What’s the Worst that Could Happen?


We’ve likely all looked at a Snellen chart, that familiar pyramid of random letters that gradually get smaller and more difficult to read. I can remember back to my grade school days when we had to line up and read off the letters to the travelling optometrist who had the power to tell us whether we needed glasses or not.


For me, the experience was comparable to waiting in line for confession with the travelling priest who had the power to tell me whether I was going to Hell or not, or at least that’s what I was told his super power was.


My responses to both authority figures was to make up some fantastical response when summoned to speak. The interesting thing was nothing seemed to shock either man. I think the priest may have turned off his hearing aids because if I had really done what I said, I should have prayed a few more Hail Mary’s at the very least. And as hard as I tried to be blind, the eye doctor never bought it. He must have had the super power of lie detection. He spoiled my plans to make a spectacle of myself. So, for years I had 20/20 vision despite my attempts to thwart that. Little did I know I should have appreciated it while it lasted .


Most of us go through our days on autopilot. We can clearly read the bottom line on the Snellen chart of our to-do items. We make the assumption that life will go fairly smoothly, but we know realistically that minor blips can happen. We can handle those minor blips. But most of us are not prepared for the unexpected events that fee insurmountable at the time. It’s only aferr these events that we say: hindsight is 20/20.


Last Monday started out like any routine Monday. I actually like Monday’s. I feel prepared after the weekend and ready to go. I’ve got a great group of students to start off the day which makes it even better. I’m excited to train the next generation and they are eager to learn. I arrive at my regular 7:45 a.m., gather my materials, and post my notes to my internal drive before heading down for the 8:30 class.


So at 8:00 am last Monday, I went to retrieve my notes from my USB only to discover that I could not open any files. No matter what I tried, I could not retrieve anything from the stick. Thinking it may be an issue with my desktop, I went down to the classroom and went through the same motions there. No success. I had a 2 hour class with no notes. So I told the class, I was going to model for them how you carry on with the task in front of you when you’re in panic mode in your mind. And that’s what I did.


I compartmentalized my stress until I could try and work the problem. There was nothing I could do about it at the time. That ability to focus on what’s in front of us is a skill we all need to work on.


When I took the stick to the IT department later that day, the technician told me that they hadn’t seen this issue in years. He said he’d have to wipe the USB and then try and recover the files. He wasn’t hopeful. So my new reality was that everything I had worked on since September was likely gone. The ironic thing is that I had told myself that weekend that I should back up my files.


Hindsight is 20/20. If only I’d backed up those files! Thought about it. Didn’t do it. Two months of preparation gone. And now I’ve got nothing for tomorrow’s classes.
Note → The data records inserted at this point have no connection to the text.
(* Assume the standing hypotheses, let $\sigma\in(0,1)$, $C_1>0$, $\gamma\in[0,2)$ and $C_8>0$. Then there exist $\rho>0$ and $\bar\mu\in(0,\hat\mu]$ such that the following holds for all $\mu\in(0,\bar\mu]$ and all $(x,\lambda)\in\mathcal B((x^*,\lambda^* ),\delta)$ with $x>0,\lambda>0$, $\|(x,\lambda)-(x^\mu,\lambda^\mu)\|<\rho$, $\|F_\mu(x,\lambda)\|\le C_1\mu$ and $\|(\Delta x_{\mathcal A}^N,\Delta\lambda_{\mathcal I}^N)\|\ge C_8\mu^\gamma$, where $(\Delta x^N,\Delta\lambda^N)$ is the Newton direction for $\mu^+=\sigma\mu$. Define $(\Delta x,\Delta\lambda)$ by: for $i\in\mathcal A$, $\Delta x_i\in\{\Delta x_i^S,\Delta x_i^C\}$ (chosen arbitrarily per index) and $\Delta\lambda_i=0$; for $i\in\mathcal I$, $\Delta x_i=0$ and $\Delta\lambda_i=\Delta\lambda_i^C$. With $(x_+^N,\lambda_+^N)=(x,\lambda)+(\Delta x^N,\Delta\lambda^N)$ and $(x_+,\lambda_+)=(x,\lambda)+(\Delta x,\Delta\lambda)$, $$\|(x_+^N,\lambda_+^N)-(x_+,\lambda_+)\|\le\|(x_+^N,\lambda_+^N)-(x,\lambda)\|.$$
   Context: Problem: minimize $f(x)$ subject to $x\ge0$, $f:\mathbb R^n\to\mathbb R$ twice continuously differentiable with locally Lipschitz Hessian. Norms Euclidean; $e$ all-ones; $X=\mathrm{diag}(x)$, $\Lambda=\mathrm{diag}(\lambda)$; $F_\mu(x,\lambda)=\begin{bmatrix}\nabla f(x)-\lambda\\ \Lambda Xe-\mu e\end{bmatrix}$, $F'(x,\lambda)=\begin{bmatrix}\nabla^2f(x)&-I\\ \Lambda&X\end{bmatrix}$. The Newton direction for $\mu^+=\sigma\mu$ solves $F'(x,\lambda)(\Delta x^N,\Delta\lambda^N)=-F_{\mu^+}(x,\lambda)$. Approximations: $\Delta x_i^S=-\frac{x_i[\nabla f(x)]_i-\mu^+}{x_i[\nabla^2f(x)]_{ii}+\lambda_i}$, $\Delta x_i^C=-x_i+\mu^+/\lambda_i$, $\Delta\lambda_i^C=-\lambda_i+\mu^+/x_i$. Standing hypotheses: $(x^*,\lambda^* )$ satisfies $\nabla f(x^* )=\lambda^*$, $x^*\ge0$, $\lambda^*\ge0$, $x_i^*\lambda_i^*=0$, $x^*+\lambda^*>0$, $[\nabla^2f(x^* )]_{\mathcal I\mathcal I}\succ0$, where $\mathcal A=\{i:x^*_i=0\}$, $\mathcal I=\{i:x_i^*>0\}$; subscripts $\mathcal A,\mathcal I$ denote sub-vectors. $\delta>0$: $F'$ nonsingular on $\mathcal B((x^*,\lambda^* ),\delta)$ with $\|F'^{-1}\|\le M$; $\hat\mu>0$: for $\mu\in(0,\hat\mu]$ a Lipschitz barrier trajectory $(x^\mu,\lambda^\mu)\in\mathcal B((x^*,\lambda^* ),\delta)$ with $F_\mu(x^\mu,\lambda^\mu)=0$, $\|(x^\mu,\lambda^\mu)-(x^*,\lambda^* )\|\le C_4\mu$ exists. *)

theory Defs
  imports "HOL-Analysis.Analysis"
begin

text \<open>Primal-dual pairs (x, lambda)
 live in (real^'n) \<times> (real^'n), whose norm is the Euclidean norm of the stacked vector.\<close>

definition Fmu :: "real \<Rightarrow> (real^'n \<Rightarrow> real^'n) \<Rightarrow> real^'n \<Rightarrow> real^'n \<Rightarrow> (real^'n) \<times> (real^'n)" where
  "Fmu mu grad x l = (grad x - l, (\<chi> i. l$i * x$i - mu))"

definition Fprime :: "(real^'n \<Rightarrow> real^'n^'n) \<Rightarrow> real^'n \<Rightarrow> real^'n
    \<Rightarrow> (real^'n) \<times> (real^'n) \<Rightarrow> (real^'n) \<times> (real^'n)" where
  "Fprime hess x l = (\<lambda>(dx, dl). (hess x *v dx - dl, (\<chi> i. l$i * dx$i + x$i * dl$i)))"

definition dxS :: "(real^'n \<Rightarrow> real^'n) \<Rightarrow> (real^'n \<Rightarrow> real^'n^'n) \<Rightarrow> real
    \<Rightarrow> real^'n \<Rightarrow> real^'n \<Rightarrow> 'n \<Rightarrow> real" where
  "dxS grad hess mup x l i = - (x$i * grad x $ i - mup) / (x$i * hess x $ i $ i + l$i)"

definition dxC :: "real \<Rightarrow> real^'n \<Rightarrow> real^'n \<Rightarrow> 'n \<Rightarrow> real" where
  "dxC mup x l i = - x$i + mup / l$i"

definition dlC :: "real \<Rightarrow> real^'n \<Rightarrow> real^'n \<Rightarrow> 'n \<Rightarrow> real" where
  "dlC mup x l i = - l$i + mup / x$i"

end

theory Submission
  imports Defs
begin

text \<open>Each component of the approximate step solves the i-th Newton equations with one coupling
  dropped: the off-diagonal Hessian terms for Delta x^S, the term x_i Delta lambda_i for
  Delta x^C, and l_i Delta x_i for Delta lambda^C. So on the blocks (Delta x_A, Delta lambda_I) it
  differs from the Newton step by x_i resp. l_i times O(|Newton step|). Near the KKT point,
  strict complementarity and |X Lambda e - mu e| = O(mu) make these x_i and l_i O(mu), and the
  Newton step is O(mu) because F' has a bounded inverse; the resulting O(mu^2) discrepancy lies
  below C8 mu^gamma, hence below the size of that block of the Newton step. Off the blocks the
  approximate step vanishes, and Pythagoras turns the blockwise comparison into the claim.\<close>

lemma linear_Fprime: "linear (Fprime hess (x::real^'n) l)"
proof (rule linearI)
  fix a b :: "(real^'n) \<times> (real^'n)" and c :: real
  show "Fprime hess x l (a + b) = Fprime hess x l a + Fprime hess x l b"
    by (cases a; cases b) (simp add: Fprime_def vec_eq_iff matrix_vector_right_distrib algebra_simps)
  show "Fprime hess x l (c *\<^sub>R a) = c *\<^sub>R Fprime hess x l a"
    by (cases a) (simp add: Fprime_def vec_eq_iff matrix_vector_mult_scaleR algebra_simps)
qed

lemma norm_le_onorm_inv_Fprime:
  assumes "bij (Fprime hess x l)" "onorm (inv (Fprime hess x l)) \<le> M" "Fprime hess x l d = y"
  shows "norm d \<le> \<bar>M\<bar> * norm y"
proof -
  let ?F = "Fprime hess x l"
  have "inj ?F" using assms(1) bij_is_inj by blast
  have "bounded_linear ?F" using linear_Fprime linear_conv_bounded_linear by blast
  then have "bounded_linear (inv ?F)" using \<open>inj ?F\<close> by (rule inj_linear_imp_inv_bounded_linear)
  have "d = inv ?F y" using \<open>inj ?F\<close> assms(3) by (metis inv_f_f)
  hence "norm d \<le> onorm (inv ?F) * norm y" using onorm[OF \<open>bounded_linear (inv ?F)\<close>] by simp
  also have "\<dots> \<le> \<bar>M\<bar> * norm y" using assms(2) by (intro mult_right_mono) auto
  finally show ?thesis .
qed

lemma Fprime_eq_neg_FmuD:
  assumes "Fprime hess x l (dx, dl) = - Fmu s grad x l"
  shows "(hess x *v dx)$i - dl$i = l$i - grad x $ i"
    and "l$i * dx$i + x$i * dl$i = s - l$i * x$i"
  using arg_cong[OF assms, of "\<lambda>p. fst p $ i"] arg_cong[OF assms, of "\<lambda>p. snd p $ i"]
  by (simp_all add: Fprime_def Fmu_def)

lemma norm_le_card_mult:
  assumes "\<And>i. \<bar>v$i\<bar> \<le> b"
  shows "norm (v::real^'n) \<le> real CARD('n) * b"
proof -
  have "norm v \<le> (\<Sum>i\<in>UNIV. \<bar>v$i\<bar>)" by (rule norm_le_l1_cart)
  also have "\<dots> \<le> real CARD('n) * b" using assms by (intro sum_bounded_above) auto
  finally show ?thesis .
qed

lemma norm_Fmu_le:
  fixes x l :: "real^'n"
  shows "norm (Fmu s grad x l) \<le> norm (Fmu t grad x l) + real CARD('n) * \<bar>t - s\<bar>"
proof -
  have "Fmu s grad x l = Fmu t grad x l + (0, \<chi> i. t - s)"
    by (simp add: Fmu_def vec_eq_iff)
  hence "norm (Fmu s grad x l) \<le> norm (Fmu t grad x l) + norm ((\<chi> i. t - s)::real^'n)"
    using norm_triangle_ineq[of "Fmu t grad x l" "(0, \<chi> i. t - s)"] by (simp add: norm_Pair)
  also have "norm ((\<chi> i. t - s)::real^'n) \<le> real CARD('n) * \<bar>t - s\<bar>"
    by (rule norm_le_card_mult) simp
  finally show ?thesis by simp
qed

lemma abs_complementarity_le_norm_Fmu: "\<bar>l$i * x$i - mu\<bar> \<le> norm (Fmu mu grad x l)"
proof -
  have "\<bar>snd (Fmu mu grad x l) $ i\<bar> \<le> norm (snd (Fmu mu grad x l))" by (rule component_le_norm_cart)
  also have "\<dots> \<le> norm (Fmu mu grad x l)" by (cases "Fmu mu grad x l") (simp add: norm_snd_le)
  finally show ?thesis by (simp add: Fmu_def)
qed

lemma norm_Newton_step_le:
  fixes x l dx dl :: "real^'n" and sigma mu C M :: real
  assumes "bij (Fprime hess x l)" "onorm (inv (Fprime hess x l)) \<le> M"
    and "Fprime hess x l (dx, dl) = - Fmu (sigma * mu) grad x l"
    and "norm (Fmu mu grad x l) \<le> C * mu" "0 < mu" "0 < sigma" "sigma < 1"
  shows "norm (dx, dl) \<le> \<bar>M\<bar> * (C + real CARD('n)) * mu"
proof -
  have "norm (Fmu (sigma * mu) grad x l) \<le> C * mu + real CARD('n) * \<bar>mu - sigma * mu\<bar>"
    using norm_Fmu_le[of "sigma * mu" grad x l mu] assms(4) by linarith
  also have "\<bar>mu - sigma * mu\<bar> \<le> mu" using assms(5-7) by (simp add: abs_le_iff algebra_simps)
  hence "C * mu + real CARD('n) * \<bar>mu - sigma * mu\<bar> \<le> (C + real CARD('n)) * mu"
    by (simp add: algebra_simps mult_left_mono)
  finally have "norm (Fmu (sigma * mu) grad x l) \<le> (C + real CARD('n)) * mu" .
  hence "\<bar>M\<bar> * norm (Fmu (sigma * mu) grad x l) \<le> \<bar>M\<bar> * (C + real CARD('n)) * mu"
    by (simp add: mult_left_mono mult.assoc)
  with norm_le_onorm_inv_Fprime[OF assms(1,2,3)] show ?thesis by simp
qed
I shared my dilemma with some colleagues and I heard things like: “that’s my worst nightmare!” And in the moment it certainly felt like that. In fact, as the day progressed and the likelihood of getting my 1,048 files back grew slim, my vision became narrow and focused on my poor predicament.


But was this actually the worst that could happen to me? You know the answer is “no”, but if we’re honest, it can possess our minds and distract us from what are the real issues in life that are far more serious.


This snap back to reality came in multiple ways throughout the day, as I heard several individuals speak of their struggles and challenges that were far more serious than the inconvenience I was experiencing. Because honestly, while it might take me a long time to rewrite what I lost, it was possible. Mine wasn’t a life and death situation. But the young person I was talking with at the end of the day was dealing with exactly that. She was experiencing the worst possible thing that can happen to a young person in love - the death of her boyfriend from a terminal illness.


I had 20/20 vision now. While the loss of the data was unexpected and more than blip in my day, a USB or simply the notes are replaceable; a loved one is not. How often do we say, “this is the worst” when really it’s not. Why do we overreact to so many things that can be managed if we take the time to process, when there are others who are living with circumstances so painful and beyond their control?


Our daily life is truly a matter of perspective. The next time a situation arises when you find yourself saying “this is the worst”, bring some clarity by pausing and putting it in context. That’s how you can have the power to pass the Snellen test of having 20/20 vision in the present issues you face.